- RECORDS FOR THE EXERCISE:
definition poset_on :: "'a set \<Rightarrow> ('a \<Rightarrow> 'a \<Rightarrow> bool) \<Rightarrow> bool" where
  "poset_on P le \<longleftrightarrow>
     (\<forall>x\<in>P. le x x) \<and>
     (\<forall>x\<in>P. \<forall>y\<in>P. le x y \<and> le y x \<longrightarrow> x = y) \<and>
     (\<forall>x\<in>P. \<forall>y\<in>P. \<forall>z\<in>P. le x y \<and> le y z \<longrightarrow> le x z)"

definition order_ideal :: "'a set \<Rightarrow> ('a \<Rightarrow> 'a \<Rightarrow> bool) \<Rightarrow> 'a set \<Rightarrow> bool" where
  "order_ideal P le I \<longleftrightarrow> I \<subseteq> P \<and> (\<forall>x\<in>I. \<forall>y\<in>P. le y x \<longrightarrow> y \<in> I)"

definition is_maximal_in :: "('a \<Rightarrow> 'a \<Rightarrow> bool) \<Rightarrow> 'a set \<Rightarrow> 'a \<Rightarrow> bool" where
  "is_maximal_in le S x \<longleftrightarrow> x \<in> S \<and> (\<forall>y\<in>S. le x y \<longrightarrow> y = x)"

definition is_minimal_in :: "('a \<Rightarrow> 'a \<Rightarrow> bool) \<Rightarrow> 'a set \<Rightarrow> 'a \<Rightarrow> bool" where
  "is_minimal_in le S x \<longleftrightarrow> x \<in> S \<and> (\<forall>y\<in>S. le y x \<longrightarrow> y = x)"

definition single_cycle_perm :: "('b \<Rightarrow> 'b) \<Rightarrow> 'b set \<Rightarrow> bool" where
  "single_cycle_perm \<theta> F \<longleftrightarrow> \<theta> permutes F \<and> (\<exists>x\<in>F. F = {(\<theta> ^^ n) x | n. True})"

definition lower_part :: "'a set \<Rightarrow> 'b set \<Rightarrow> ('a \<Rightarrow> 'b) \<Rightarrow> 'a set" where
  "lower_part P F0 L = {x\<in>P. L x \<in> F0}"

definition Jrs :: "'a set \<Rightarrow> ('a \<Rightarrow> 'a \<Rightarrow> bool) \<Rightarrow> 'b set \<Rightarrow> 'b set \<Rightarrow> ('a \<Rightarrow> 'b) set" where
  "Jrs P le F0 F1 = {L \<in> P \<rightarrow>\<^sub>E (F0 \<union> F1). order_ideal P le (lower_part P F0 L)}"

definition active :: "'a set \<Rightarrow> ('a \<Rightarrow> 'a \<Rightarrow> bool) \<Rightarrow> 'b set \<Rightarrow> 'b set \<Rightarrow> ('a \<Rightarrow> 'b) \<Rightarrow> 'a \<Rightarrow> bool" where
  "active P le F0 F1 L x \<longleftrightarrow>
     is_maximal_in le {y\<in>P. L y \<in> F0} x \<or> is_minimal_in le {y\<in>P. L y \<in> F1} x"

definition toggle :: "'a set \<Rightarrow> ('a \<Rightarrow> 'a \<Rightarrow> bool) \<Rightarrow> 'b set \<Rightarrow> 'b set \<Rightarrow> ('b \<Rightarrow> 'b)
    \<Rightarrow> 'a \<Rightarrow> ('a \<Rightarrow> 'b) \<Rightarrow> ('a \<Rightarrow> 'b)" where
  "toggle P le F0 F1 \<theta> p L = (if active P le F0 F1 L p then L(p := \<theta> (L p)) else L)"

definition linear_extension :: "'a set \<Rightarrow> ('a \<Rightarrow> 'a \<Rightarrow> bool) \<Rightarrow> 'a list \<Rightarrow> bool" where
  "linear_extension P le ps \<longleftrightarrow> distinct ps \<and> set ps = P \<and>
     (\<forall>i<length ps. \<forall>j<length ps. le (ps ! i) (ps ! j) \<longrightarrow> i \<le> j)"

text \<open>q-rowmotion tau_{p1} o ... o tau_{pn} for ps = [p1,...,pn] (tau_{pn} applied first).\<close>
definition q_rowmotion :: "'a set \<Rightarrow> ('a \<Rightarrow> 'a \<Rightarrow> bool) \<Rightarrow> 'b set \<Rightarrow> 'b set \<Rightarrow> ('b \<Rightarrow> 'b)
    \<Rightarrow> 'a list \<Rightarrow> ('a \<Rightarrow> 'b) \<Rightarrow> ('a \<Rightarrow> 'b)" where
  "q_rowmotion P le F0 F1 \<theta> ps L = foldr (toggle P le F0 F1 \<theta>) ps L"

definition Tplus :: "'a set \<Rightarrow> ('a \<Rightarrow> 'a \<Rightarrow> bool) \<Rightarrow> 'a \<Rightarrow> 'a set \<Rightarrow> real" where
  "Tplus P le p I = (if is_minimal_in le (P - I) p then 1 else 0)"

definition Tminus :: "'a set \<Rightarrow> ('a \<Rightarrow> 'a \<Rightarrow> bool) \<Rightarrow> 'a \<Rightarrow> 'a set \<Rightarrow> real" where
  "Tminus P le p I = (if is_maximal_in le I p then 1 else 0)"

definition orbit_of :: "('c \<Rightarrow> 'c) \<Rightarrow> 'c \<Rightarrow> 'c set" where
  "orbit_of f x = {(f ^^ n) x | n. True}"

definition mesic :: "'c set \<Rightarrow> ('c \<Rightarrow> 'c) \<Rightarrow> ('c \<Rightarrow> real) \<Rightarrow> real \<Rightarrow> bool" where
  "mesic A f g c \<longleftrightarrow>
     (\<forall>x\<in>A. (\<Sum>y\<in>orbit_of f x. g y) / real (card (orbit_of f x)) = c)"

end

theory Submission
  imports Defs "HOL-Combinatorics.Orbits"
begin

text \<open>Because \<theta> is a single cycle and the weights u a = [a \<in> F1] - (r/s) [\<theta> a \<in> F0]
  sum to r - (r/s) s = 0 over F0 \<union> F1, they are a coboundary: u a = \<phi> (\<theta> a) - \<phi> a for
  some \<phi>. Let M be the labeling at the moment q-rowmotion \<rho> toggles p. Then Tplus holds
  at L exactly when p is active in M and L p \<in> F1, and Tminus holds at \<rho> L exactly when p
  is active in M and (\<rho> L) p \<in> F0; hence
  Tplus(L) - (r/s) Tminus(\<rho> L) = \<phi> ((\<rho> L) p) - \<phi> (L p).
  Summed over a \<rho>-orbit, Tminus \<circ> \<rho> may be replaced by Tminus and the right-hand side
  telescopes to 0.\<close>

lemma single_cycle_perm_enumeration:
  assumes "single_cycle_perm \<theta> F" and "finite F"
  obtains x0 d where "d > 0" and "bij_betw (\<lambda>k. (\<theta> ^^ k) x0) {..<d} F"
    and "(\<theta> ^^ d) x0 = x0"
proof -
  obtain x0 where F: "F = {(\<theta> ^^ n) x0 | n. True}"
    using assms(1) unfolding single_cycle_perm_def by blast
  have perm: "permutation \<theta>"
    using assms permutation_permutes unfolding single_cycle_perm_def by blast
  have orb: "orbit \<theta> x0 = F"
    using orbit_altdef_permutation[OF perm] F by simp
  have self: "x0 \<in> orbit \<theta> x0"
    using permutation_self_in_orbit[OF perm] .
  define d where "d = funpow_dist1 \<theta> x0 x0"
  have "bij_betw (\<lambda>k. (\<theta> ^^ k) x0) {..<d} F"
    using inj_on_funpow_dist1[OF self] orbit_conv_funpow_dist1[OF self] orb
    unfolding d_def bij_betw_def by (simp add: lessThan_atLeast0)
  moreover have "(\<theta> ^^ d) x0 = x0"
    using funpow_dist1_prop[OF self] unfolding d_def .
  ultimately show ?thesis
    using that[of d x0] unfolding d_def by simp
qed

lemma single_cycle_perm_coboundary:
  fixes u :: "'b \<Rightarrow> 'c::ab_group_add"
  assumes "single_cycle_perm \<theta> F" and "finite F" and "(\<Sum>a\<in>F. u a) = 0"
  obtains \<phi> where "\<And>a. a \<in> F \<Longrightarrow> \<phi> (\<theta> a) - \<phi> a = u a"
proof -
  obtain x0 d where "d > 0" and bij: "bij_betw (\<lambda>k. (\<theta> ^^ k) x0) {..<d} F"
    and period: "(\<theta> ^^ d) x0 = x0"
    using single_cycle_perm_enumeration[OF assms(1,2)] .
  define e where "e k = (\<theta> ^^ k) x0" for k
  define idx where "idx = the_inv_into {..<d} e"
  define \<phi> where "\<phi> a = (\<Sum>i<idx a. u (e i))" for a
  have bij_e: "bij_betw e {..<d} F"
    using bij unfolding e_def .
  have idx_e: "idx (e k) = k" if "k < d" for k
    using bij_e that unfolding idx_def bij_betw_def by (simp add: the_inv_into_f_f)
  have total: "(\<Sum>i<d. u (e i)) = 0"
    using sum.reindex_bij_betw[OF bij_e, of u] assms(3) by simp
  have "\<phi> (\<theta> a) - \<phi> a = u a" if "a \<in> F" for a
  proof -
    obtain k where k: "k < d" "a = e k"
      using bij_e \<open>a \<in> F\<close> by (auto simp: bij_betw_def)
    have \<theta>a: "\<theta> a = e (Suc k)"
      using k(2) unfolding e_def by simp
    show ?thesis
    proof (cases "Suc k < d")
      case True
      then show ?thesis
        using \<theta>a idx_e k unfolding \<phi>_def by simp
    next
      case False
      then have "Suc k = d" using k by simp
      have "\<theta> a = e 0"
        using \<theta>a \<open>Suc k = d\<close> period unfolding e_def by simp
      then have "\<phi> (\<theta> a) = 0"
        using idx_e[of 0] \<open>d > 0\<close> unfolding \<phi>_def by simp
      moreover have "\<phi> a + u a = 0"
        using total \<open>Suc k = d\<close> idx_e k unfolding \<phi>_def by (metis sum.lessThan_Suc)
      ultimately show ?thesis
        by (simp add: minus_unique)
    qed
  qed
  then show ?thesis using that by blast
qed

- YOUR ASSIGNMENT: Using only the listing above, restate exactly the lines from the line containing "using permutation_self_in_orbit[OF perm]" through the line containing "define e where", both included.

- ANSWER BELOW:
    using permutation_self_in_orbit[OF perm] .
  define d where "d = funpow_dist1 \<theta> x0 x0"
  have "bij_betw (\<lambda>k. (\<theta> ^^ k) x0) {..<d} F"
    using inj_on_funpow_dist1[OF self] orbit_conv_funpow_dist1[OF self] orb
    unfolding d_def bij_betw_def by (simp add: lessThan_atLeast0)
  moreover have "(\<theta> ^^ d) x0 = x0"
    using funpow_dist1_prop[OF self] unfolding d_def .
  ultimately show ?thesis
    using that[of d x0] unfolding d_def by simp
qed

lemma single_cycle_perm_coboundary:
  fixes u :: "'b \<Rightarrow> 'c::ab_group_add"
  assumes "single_cycle_perm \<theta> F" and "finite F" and "(\<Sum>a\<in>F. u a) = 0"
  obtains \<phi> where "\<And>a. a \<in> F \<Longrightarrow> \<phi> (\<theta> a) - \<phi> a = u a"
proof -
  obtain x0 d where "d > 0" and bij: "bij_betw (\<lambda>k. (\<theta> ^^ k) x0) {..<d} F"
    and period: "(\<theta> ^^ d) x0 = x0"
    using single_cycle_perm_enumeration[OF assms(1,2)] .
  define e where "e k = (\<theta> ^^ k) x0" for k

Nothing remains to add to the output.